AFGA addresses this growing concern for a number of its members
Amid “more and more complaints” from Alberta resident hunters about being denied access to leased Crown land, the Alberta Fish and Game Association is looking to the provincial government for answers, promises the AFGA’s chief executive officer, Kelly Carter. “This is a growing concern for a number of our members,” he says.
When Crown land in Alberta is leased out for forestry operations and cattle grazing, the leaseholder is supposed to grant reasonable access to resident hunters if they request permission with enough advance notice. But according to Carter, some leaseholders are instead using the public land as their own private hunting area, or they’re letting a guide or outfitter enjoy exclusive access for their business. “This goes against the principles of these leases,” he says. “That’s fundamentally wrong.”

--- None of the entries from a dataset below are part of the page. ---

(* There exist $(P_3,l)$-jumbles for infinitely many positive integers $l$.
   Context: All graphs are finite and simple; $P_3$ is the path on $3$ vertices, and a graph is $P_3$-free if it has no induced subgraph isomorphic to $P_3$. For a positive integer $l$, a graph $H$ is a $(P_3,l)$-jumble if (S1) for every $0\le s\le l-1$, $V(H)$ can be partitioned into $s$ stable sets, $l-1-s$ cliques, and a set $Z$ such that $H[Z]$ is isomorphic to $P_3$; and (S2) for every partition $X_1,\dots,X_l$ of $V(H)$ there exists $i$ such that $H[X_i]$ is not $P_3$-free. *)

theory Defs
  imports Main
begin

definition simple_graph :: "'a set \<Rightarrow> ('a \<Rightarrow> 'a \<Rightarrow> bool) \<Rightarrow> bool" where
  "simple_graph V E \<longleftrightarrow> finite V \<and> (\<forall>x\<in>V. \<forall>y\<in>V. E x y \<longleftrightarrow> E y x) \<and> (\<forall>x\<in>V. \<not> E x x)"

definition stable_set :: "('a \<Rightarrow> 'a \<Rightarrow> bool) \<Rightarrow> 'a set \<Rightarrow> bool" where
  "stable_set E X \<longleftrightarrow> (\<forall>x\<in>X. \<forall>y\<in>X. x \<noteq> y \<longrightarrow> \<not> E x y)"

definition clique :: "('a \<Rightarrow> 'a \<Rightarrow> bool) \<Rightarrow> 'a set \<Rightarrow> bool" where
  "clique E X \<longleftrightarrow> (\<forall>x\<in>X. \<forall>y\<in>X. x \<noteq> y \<longrightarrow> E x y)"

definition induces_P3 :: "('a \<Rightarrow> 'a \<Rightarrow> bool) \<Rightarrow> 'a set \<Rightarrow> bool" where
  "induces_P3 E Z \<longleftrightarrow> (\<exists>a b c. Z = {a, b, c} \<and> a \<noteq> b \<and> b \<noteq> c \<and> a \<noteq> c \<and>
       E a b \<and> E b c \<and> \<not> E a c)"

definition P3_free :: "('a \<Rightarrow> 'a \<Rightarrow> bool) \<Rightarrow> 'a set \<Rightarrow> bool" where
  "P3_free E X \<longleftrightarrow> \<not> (\<exists>Z\<subseteq>X. induces_P3 E Z)"

(* (P_3,l)-jumble. A partition of V into l (possibly empty) labelled parts
   X_0..X_{l-1} is encoded by a map f : V -> {0..<l}, X_i = {v in V. f v = i}. *)
definition P3_jumble :: "'a set \<Rightarrow> ('a \<Rightarrow> 'a \<Rightarrow> bool) \<Rightarrow> nat \<Rightarrow> bool" where
  "P3_jumble V E l \<longleftrightarrow> simple_graph V E \<and> l > 0 \<and>
     \<comment> \<open>(S1): parts 0..s-1 stable, parts s..l-2 cliques, part l-1 is Z with H[Z] = P3\<close>
     (\<forall>s. s \<le> l - 1 \<longrightarrow>
        (\<exists>f. (\<forall>v\<in>V. f v < l) \<and>
             (\<forall>i<s. stable_set E {v\<in>V. f v = i}) \<and>
             (\<forall>i. s \<le> i \<and> i < l - 1 \<longrightarrow> clique E {v\<in>V. f v = i}) \<and>
             induces_P3 E {v\<in>V. f v = l - 1})) \<and>
     \<comment> \<open>(S2): every partition into l parts has a part that is not P3-free\<close>
     (\<forall>f. (\<forall>v\<in>V. f v < l) \<longrightarrow> (\<exists>i<l. \<not> P3_free E {v\<in>V. f v = i}))"

end

theory Submission
  imports Defs "HOL-Library.Nat_Bijection"
begin

text \<open>For every \<open>l \<ge> 1\<close> the complete multipartite graph with classes of sizes
  \<open>1, 2, \<dots>, l + 1\<close> is a \<open>(P\<^sub>3, l)\<close>-jumble. In a complete multipartite graph a set
  induces no \<open>P\<^sub>3\<close> iff it lies inside one class or meets every class at most once, and a
  counting argument shows that \<open>l\<close> such sets cannot cover the graph. For (S1) with
  \<open>c = l - 1 - s\<close> cliques, the \<open>P\<^sub>3\<close> consists of two vertices of the class of size
  \<open>c + 2\<close> and one of the class of size \<open>c + 1\<close>; the cliques are the rows
  \<open>{vertex k of each class}\<close> for \<open>k < c\<close>, which exhaust the remaining vertices of the
  classes of size at most \<open>c + 2\<close>; the other \<open>s\<close> classes are the stable sets.\<close>

definition complete_multipartite :: "('a \<Rightarrow> 'b) \<Rightarrow> 'a \<Rightarrow> 'a \<Rightarrow> bool" where
  "complete_multipartite part x y \<longleftrightarrow> part x \<noteq> part y"

lemma P3_free_complete_multipartite_cases:
  assumes "P3_free (complete_multipartite part) X"
  shows "inj_on part X \<or> (\<exists>q. \<forall>v\<in>X. part v = q)"
proof (cases "inj_on part X")
  case False
  then obtain u w where uw: "u \<in> X" "w \<in> X" "u \<noteq> w" "part u = part w"
    by (auto simp: inj_on_def)
  have "part y = part u" if "y \<in> X" for y
  proof (rule ccontr)
    assume "part y \<noteq> part u"
    then have "induces_P3 (complete_multipartite part) {u, y, w}"
      using uw unfolding induces_P3_def complete_multipartite_def by metis
    moreover have "{u, y, w} \<subseteq> X" using uw \<open>y \<in> X\<close> by auto
    ultimately show False using assms unfolding P3_free_def by blast
  qed
  then show ?thesis by blast
qed simp

text \<open>The parts outside the set \<open>T\<close> of transversals each lie inside one class, so
  together they meet at most \<open>l - card T\<close> classes. Hence some class of size
  \<open>p > card T\<close> is covered by the transversals alone, each of which contains at most one of
  its vertices.\<close>

lemma complete_multipartite_partition_not_P3_free:
  fixes part f :: "'a \<Rightarrow> nat"
  assumes big: "\<And>p. 1 \<le> p \<Longrightarrow> p \<le> l + 1 \<Longrightarrow> p \<le> card {v\<in>V. part v = p}"
    and f: "\<forall>v\<in>V. f v < l"
  shows "\<exists>i<l. \<not> P3_free (complete_multipartite part) {v\<in>V. f v = i}"
proof (rule ccontr)
  define X where "X i = {v\<in>V. f v = i}" for i
  assume "\<not> ?thesis"
  then have free: "P3_free (complete_multipartite part) (X i)" if "i < l" for i
    using that unfolding X_def by blast
  define T where "T = {i. i < l \<and> inj_on part (X i)}"
  have T: "T \<subseteq> {..<l}" "finite T" unfolding T_def by auto
  have "\<forall>i\<in>{..<l} - T. \<exists>q. \<forall>v\<in>X i. part v = q"
    using P3_free_complete_multipartite_cases[OF free] unfolding T_def by auto
  then obtain cls where cls: "\<And>i v. i \<in> {..<l} - T \<Longrightarrow> v \<in> X i \<Longrightarrow> part v = cls i"
    by metis
  define Q where "Q = part ` {v\<in>V. f v \<notin> T}"
  have Q: "Q \<subseteq> cls ` ({..<l} - T)"
    unfolding Q_def using f cls X_def by fastforce
  then have "finite Q" by (simp add: finite_subset)
  have "card Q \<le> card (cls ` ({..<l} - T))" using Q by (simp add: card_mono)
  also have "\<dots> \<le> card ({..<l} - T)" by (rule card_image_le) simp
  also have "\<dots> = l - card T" using T by (simp add: card_Diff_subset)
  finally have "card Q < card {card T + 1..l + 1}"
    using card_mono[OF finite_lessThan T(1)] by simp
  then have "\<not> {card T + 1..l + 1} \<subseteq> Q"
    using card_mono[OF \<open>finite Q\<close>] by (meson not_le)
  then obtain p where p: "card T + 1 \<le> p" "p \<le> l + 1" "p \<notin> Q"
    by (auto simp: subset_iff)
  define C where "C = {v\<in>V. part v = p}"
  have "f ` C \<subseteq> T" using p(3) unfolding C_def Q_def by auto
  moreover have "inj_on f C"
  proof (rule inj_onI)
    fix u w assume "u \<in> C" "w \<in> C" "f u = f w"
    moreover have "inj_on part (X (f u))" using \<open>f ` C \<subseteq> T\<close> \<open>u \<in> C\<close> unfolding T_def by auto
    ultimately show "u = w" unfolding C_def X_def inj_on_def by auto
  qed
  ultimately have "card C \<le> card T" using T(2) by (simp add: card_inj_on_le)
  moreover have "p \<le> card C" using big p unfolding C_def by auto
  ultimately show False using p by simp
qed

definition stable_clique_P3_partition ::
    "'a set \<Rightarrow> ('a \<Rightarrow> 'a \<Rightarrow> bool) \<Rightarrow> nat \<Rightarrow> nat \<Rightarrow> ('a \<Rightarrow> nat) \<Rightarrow> bool" where
  "stable_clique_P3_partition V E l s f \<longleftrightarrow> (\<forall>v\<in>V. f v < l) \<and>
     (\<forall>i<s. stable_set E {v\<in>V. f v = i}) \<and>
     (\<forall>i. s \<le> i \<and> i < l - 1 \<longrightarrow> clique E {v\<in>V. f v = i}) \<and>
     induces_P3 E {v\<in>V. f v = l - 1}"

lemma P3_jumble_iff:
  "P3_jumble V E l \<longleftrightarrow> simple_graph V E \<and> 0 < l \<and>
     (\<forall>s \<le> l - 1. \<exists>f. stable_clique_P3_partition V E l s f) \<and>
     (\<forall>f. (\<forall>v\<in>V. f v < l) \<longrightarrow> (\<exists>i<l. \<not> P3_free E {v\<in>V. f v = i}))"
  unfolding P3_jumble_def stable_clique_P3_partition_def by blast

lemma stable_set_image:
  assumes "\<And>x y. x \<in> X \<Longrightarrow> y \<in> X \<Longrightarrow> E' (h x) (h y) = E x y" "stable_set E X"
  shows "stable_set E' (h ` X)"
  using assms unfolding stable_set_def by fastforce

lemma clique_image:
  assumes "\<And>x y. x \<in> X \<Longrightarrow> y \<in> X \<Longrightarrow> E' (h x) (h y) = E x y" "clique E X"
  shows "clique E' (h ` X)"
  using assms unfolding clique_def by fastforce

lemma induces_P3_image:
  assumes "inj_on h Z" "\<And>x y. x \<in> Z \<Longrightarrow> y \<in> Z \<Longrightarrow> E' (h x) (h y) = E x y"
    and "induces_P3 E Z"
  shows "induces_P3 E' (h ` Z)"
proof -
  obtain a b c where Z: "Z = {a, b, c}" "a \<noteq> b" "b \<noteq> c" "a \<noteq> c" "E a b" "E b c" "\<not> E a c"
    using assms(3) unfolding induces_P3_def by blast
  then have "h ` Z = {h a, h b, h c}" "h a \<noteq> h b" "h b \<noteq> h c" "h a \<noteq> h c"
    using assms(1) by (auto simp: inj_on_def)
  moreover have "E' (h a) (h b)" "E' (h b) (h c)" "\<not> E' (h a) (h c)"
    using Z assms(2) by auto
  ultimately show ?thesis unfolding induces_P3_def by blast
qed

lemma stable_clique_P3_partition_image:
  assumes "stable_clique_P3_partition V E l s f" and inj: "inj_on h V"
    and edges: "\<And>x y. x \<in> V \<Longrightarrow> y \<in> V \<Longrightarrow> E' (h x) (h y) = E x y"
  shows "stable_clique_P3_partition (h ` V) E' l s (f \<circ> inv_into V h)"
proof -
  have parts: "{v\<in>h ` V. (f \<circ> inv_into V h) v = i} = h ` {v\<in>V. f v = i}" for i
    using inj by (auto simp: image_iff)
  show ?thesis
    using assms(1) inj edges
    unfolding stable_clique_P3_partition_def parts
    by (auto intro!: stable_set_image[where h = h and E = E and E' = E']
        clique_image[where h = h and E = E and E' = E'] induces_P3_image[where E = E]
        intro: inj_on_subset)
qed

lemma P3_jumble_image:
  assumes jumble: "P3_jumble V E l" and inj: "inj_on h V"
    and edges: "\<And>x y. x \<in> V \<Longrightarrow> y \<in> V \<Longrightarrow> E' (h x) (h y) = E x y"
  shows "P3_jumble (h ` V) E' l"
  unfolding P3_jumble_iff
proof (intro conjI allI impI)
  show "simple_graph (h ` V) E'" "0 < l"
    using jumble edges unfolding P3_jumble_def simple_graph_def by auto
  show "\<exists>g. stable_clique_P3_partition (h ` V) E' l s g" if "s \<le> l - 1" for s
    using jumble that stable_clique_P3_partition_image[where E' = E', OF _ inj edges]
    unfolding P3_jumble_iff by blast
  show "\<exists>i<l. \<not> P3_free E' {v\<in>h ` V. g v = i}" if g: "\<forall>v\<in>h ` V. g v < l" for g
  proof -
    obtain i where i: "i < l" "\<not> P3_free E {v\<in>V. g (h v) = i}"
      using jumble g unfolding P3_jumble_iff by (elim conjE allE[of _ "\<lambda>v. g (h v)"]) auto
    then obtain Z where Z: "Z \<subseteq> {v\<in>V. g (h v) = i}" "induces_P3 E Z"
      unfolding P3_free_def by blast
    have "induces_P3 E' (h ` Z)"
      using Z inj edges by (intro induces_P3_image) (auto intro: inj_on_subset)
    moreover have "h ` Z \<subseteq> {v\<in>h ` V. g v = i}" using Z by auto
    ultimately show ?thesis using i(1) unfolding P3_free_def by blast
  qed
qed

text \<open>Vertex \<open>(p, k)\<close> is the \<open>k\<close>-th vertex of the class of size \<open>p\<close>.\<close>

definition staircase :: "nat \<Rightarrow> (nat \<times> nat) set" where
  "staircase l = {(p, k). 1 \<le> p \<and> p \<le> l + 1 \<and> k < p}"

lemma card_staircase_part:
  assumes "1 \<le> p" "p \<le> l + 1"
  shows "card {v\<in>staircase l. fst v = p} = p"
proof -
  have "{v\<in>staircase l. fst v = p} = {p} \<times> {..<p}"
    using assms unfolding staircase_def by auto
  then show ?thesis by (simp add: card_cartesian_product)
qed

lemma staircase_stable_clique_P3_partition:
  assumes "0 < l" "s \<le> l - 1"
  shows "\<exists>f. stable_clique_P3_partition (staircase l) (complete_multipartite fst) l s f"
proof -
  define c where "c = l - 1 - s"
  define Z where "Z = {(c + 2, c), (c + 1, c), (c + 2, c + 1)}"
  define f where "f v = (if v \<in> Z then l - 1 else if c + 3 \<le> fst v then fst v - (c + 3) else s + snd v)"
    for v
  have small: "snd v < c" if "v \<in> staircase l" "v \<notin> Z" "fst v < c + 3" for v
    using that unfolding staircase_def Z_def by auto
  have off_Z: "f v < l - 1" if "v \<in> staircase l" "v \<notin> Z" for v
  proof (cases "c + 3 \<le> fst v")
    case True
    then show ?thesis using that assms unfolding f_def c_def staircase_def by auto
  next
    case False
    then show ?thesis using that small[OF that] assms unfolding f_def c_def by auto
  qed
  have parts_Z: "{v\<in>staircase l. f v = l - 1} = Z"
  proof
    show "{v\<in>staircase l. f v = l - 1} \<subseteq> Z" using off_Z by fastforce
    show "Z \<subseteq> {v\<in>staircase l. f v = l - 1}"
      using assms unfolding Z_def f_def c_def staircase_def by auto
  qed
  show ?thesis
    unfolding stable_clique_P3_partition_def
  proof (intro exI[of _ f] conjI allI impI ballI)
    show "f v < l" if "v \<in> staircase l" for v
      using off_Z[OF that] assms unfolding f_def by (cases "v \<in> Z") auto
    show "stable_set (complete_multipartite fst) {v\<in>staircase l. f v = i}" if "i < s" for i
    proof -
      have "fst v = i + c + 3" if "v \<in> staircase l" "f v = i" for v
        using that \<open>i < s\<close> small[OF that(1)] assms unfolding f_def c_def by (auto split: if_splits)
      then show ?thesis unfolding stable_set_def complete_multipartite_def by auto
    qed
    show "clique (complete_multipartite fst) {v\<in>staircase l. f v = i}" if "s \<le> i \<and> i < l - 1" for i
    proof -
      have "snd v = i - s" if "v \<in> staircase l" "f v = i" for v
        using that \<open>s \<le> i \<and> i < l - 1\<close> unfolding f_def c_def staircase_def by (auto split: if_splits)
      then show ?thesis unfolding clique_def complete_multipartite_def by (auto simp: prod_eq_iff)
    qed
    show "induces_P3 (complete_multipartite fst) {v\<in>staircase l. f v = l - 1}"
      unfolding parts_Z induces_P3_def complete_multipartite_def Z_def
      by (intro exI[of _ "(c + 2, c)"] exI[of _ "(c + 1, c)"] exI[of _ "(c + 2, c + 1)"]) simp
  qed
qed

lemma P3_jumble_staircase:
  assumes "0 < l"
  shows "P3_jumble (staircase l) (complete_multipartite fst) l"
  unfolding P3_jumble_iff
proof (intro conjI allI impI)
  have "staircase l \<subseteq> {..l + 1} \<times> {..l + 1}" unfolding staircase_def by auto
  then show "simple_graph (staircase l) (complete_multipartite fst)"
    unfolding simple_graph_def complete_multipartite_def by (auto intro: finite_subset)
  show "\<exists>f. stable_clique_P3_partition (staircase l) (complete_multipartite fst) l s f"
    if "s \<le> l - 1" for s
    using assms that by (rule staircase_stable_clique_P3_partition)
  show "\<exists>i<l. \<not> P3_free (complete_multipartite fst) {v\<in>staircase l. f v = i}"
    if "\<forall>v\<in>staircase l. f v < l" for f
    using that by (intro complete_multipartite_partition_not_P3_free) (simp_all add: card_staircase_part)
qed (rule assms)

theorem theorem3p5:
  shows "infinite {l::nat. l > 0 \<and> (\<exists>(V::nat set) E. P3_jumble V E l)}"
proof -
  have "P3_jumble (prod_encode ` staircase l) (complete_multipartite (fst \<circ> prod_decode)) l"
    if "0 < l" for l
    using P3_jumble_staircase[OF that] inj_prod_encode
    by (rule P3_jumble_image) (simp add: complete_multipartite_def)
  then have "{0<..} \<subseteq> {l::nat. l > 0 \<and> (\<exists>(V::nat set) E. P3_jumble V E l)}"
    by blast
  then show ?thesis
    using infinite_Ioi infinite_super by blast
qed

end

At press time, the AFGA was drafting a letter to the province’s Ministry of Environment and Protected Areas, which grants the leases. “We want to know who made the decision to permit this to occur,” Carter says, “and what the government is going to do to rectify it.”
To bolster its case, the AFGA is collecting details on when and where the various access denials have been taking place. “We’re going to create a reporting survey, where anytime a resident Alberta hunter experiences refusal to access Crown lands where companies have leases, they’ll be able to report that to us,” Carter says.
The AFGA will then collate that information to determine where and how often the access denials are occurring, and share its findings with the provincial government. Says Carter: “We hope we can find some solutions to hold these leaseholders accountable to the terms of their lease.”